[HuFlungDung]

To take a slightly different tack on this chucking problem, it seems extremely difficult to rechuck anything in a 4 jaw and to indicate it back to true running. I think the condition of the chuck jaws and slideways has more to do with this than actual bearing faults. As tightening pressure increases, the tiny bit of wear and slack in the jaw slideways, and possible worn taper effect on the jaw grips becomes significant. The increased tightening pressure may at some point not move the part predictably, instead causing a degree of tilt to occur which spoils the setup accuracy attained thus far.

A tilted circle is an ellipse and will not indicate round.

First of all, it is necessary to indicate the part in two spots, either a face and an annular ring, or two annular rings spaced some distance apart. You achieved much the same result by switching to a chuck and steady rest.

To use the 4 jaw alone will require the use of a hammer and an indicator. The only way to align the face of the part (if available) is with the hammer, to tilt the part. If two annular rings are used, then adjust the chuck to center the closest annular ring, and tap the part with the hammer to center the outermost ring.

It is necessary to keep going back and forth as an adjustment to either position affects the other one. But you can keep splitting the difference until you get down as close as you have the patience for. IF you find this is impossible to do, then your chuck is no good (assuming your part is straight) and needs to be reground. You may find that the 'natural position' of the chucked part is a few thou off 6" out, but that you can persuade it into position with a hammer. For precision work, this is still not the best condition to start out with. Rework your chuck.

Collet chucks may also suffer this misalignment phenomena a wee bit. 5C collets are bad for this, because the easy fit at the back end of the collet makes the outer end of a long piece float off center. You can tilt a part chucked in a collet with your hammer as well. If you cannot get zero runout a few inches from the collet, then suspect that your collet is no good.
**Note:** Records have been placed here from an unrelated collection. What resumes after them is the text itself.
theorem mainTheorem9:
  fixes r :: "nat \<Rightarrow> real" and a c :: real
    and p :: "nat \<Rightarrow> ('d::finite \<Rightarrow> int) \<Rightarrow> real"
  assumes c_pos: "c > 0"
    and a_pos: "a > 0"
    and r_pos: "\<And>n. r n > 0"
    and r_asymp: "(\<lambda>n. real n * r n / a) \<longlonglongrightarrow> 1"
    and p_nonneg: "\<And>n x. n \<ge> 1 \<Longrightarrow> p n x \<ge> 0"
    and p_prob: "\<And>n. n \<ge> 1 \<Longrightarrow> (p n has_sum 1) UNIV"
    and p_mean: "\<And>n i. n \<ge> 1 \<Longrightarrow> ((\<lambda>x. real_of_int (x i) * p n x) has_sum 0) UNIV"
    and p_var: "\<exists>K. \<forall>n\<ge>1. (\<lambda>x. (znorm x)^2 * p n x) summable_on UNIV
                    \<and> infsum (\<lambda>x. (znorm x)^2 * p n x) UNIV \<le> K * real n"
    and p_llt: "\<And>\<epsilon>. \<epsilon> > 0 \<Longrightarrow> \<forall>\<^sub>F n in sequentially. \<forall>x.
                  \<bar>real n powr (real CARD('d) / 2) * p n x - gauss_at c n x\<bar> \<le> \<epsilon>"
  shows "\<exists>C::real. C > 0 \<and> (\<forall>N lam n M. lam > 0 \<longrightarrow> U r p N lam n > 0 \<longrightarrow> M > 0 \<longrightarrow>
           infsum (\<lambda>x. UU r p N lam n x / U r p N lam n) {x. znorm x > M * sqrt (real n)}
             \<le> C / M^2)"
proof -
  obtain K0 where K0: "\<forall>n\<ge>1. (\<lambda>x. (znorm x)\<^sup>2 * p n x) summable_on UNIV
                    \<and> infsum (\<lambda>x. (znorm x)\<^sup>2 * p n x) UNIV \<le> K0 * real n"
    using p_var by blast
  define K where "K = max K0 0"
  have p_moment: "(\<lambda>x. (znorm x)\<^sup>2 * p n x) summable_on UNIV
      \<and> infsum (\<lambda>x. (znorm x)\<^sup>2 * p n x) UNIV \<le> K * real n" if "n \<ge> 1" for n
    using K0 that order_trans[OF _ mult_right_mono[of K0 K "real n"]] by (auto simp: K_def)
  show ?thesis
  proof (intro exI[of _ "K + 1"] conjI allI impI)
    show "0 < K + 1" by (simp add: K_def)
    fix N lam n and M :: real
    assume "0 < lam" and U_pos: "0 < U r p N lam n" and "0 < M"
    interpret centered_kernel "stepLaw r p N" K
      using r_pos p_nonneg p_prob p_mean p_moment by (rule centered_kernel_stepLaw)
    have "infsum (\<lambda>x. UU r p N lam n x / U r p N lam n) {x. znorm x > M * sqrt (real n)} \<le> K / M\<^sup>2"
      using weighted_convPow_tail_le[of lam M n] U_pos \<open>0 < lam\<close> \<open>0 < M\<close>
      unfolding UU_def U_def probT_def probTS_def by (simp add: K_def)
    also have "\<dots> \<le> (K + 1) / M\<^sup>2"
      by (simp add: divide_right_mono)
    finally show "infsum (\<lambda>x. UU r p N lam n x / U r p N lam n) {x. znorm x > M * sqrt (real n)}
        \<le> (K + 1) / M\<^sup>2" .
  qed
qed

end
Get some real Hardinge collets.

Chucking a part between chuck and tailcenter is also prone to 'getting you' when doing precision work. The 4 jaw may have a mind of its own, and inexperienced users may think that plugging a tailcenter into the end of the part negates the effect of the part being misaligned with the axis of the lathe. Not so, the part will flex the tailcenter, and machining in this condition will create an offsize diameter with a bit of taper thrown in for bad effect.

Turning between chuck and tailcenter is best accomplished by chucking on a very narrow band on the end of the piece. Then, this acts as a crude universal joint, and the tailcenter may then have enough influence to actually align the part with the rotational axis of the lathe, and it will cut straight and repeatably.

[ozzie34231]

Suprisingly this cheap chuck was pretty good at holding the piece parallel to the ways. The differance was nearly unnoticable over a 5" distance.
After getting close but still with fairly loose jaws I put the far end in the tailstock center, snugged the piece up more and then pulled the center away. As I kept working it stayed aligned. At the end I was .0005 TIR #4 jaw high at both places. I thought one little tightening would do the trick.
What you say about the unpredictability was why I quit the first day and started this thread. Sometimes a high at 4 would move to 3 or 1 but always at least .0005".

Thanks,
Jerry

[HuFlungDung]

Did you actually mike the part across the corresponding diameters to see if if was really round to begin with? How or what did you make the part on? Could you have suffered from misalignment when doing the initial machining, as I described above?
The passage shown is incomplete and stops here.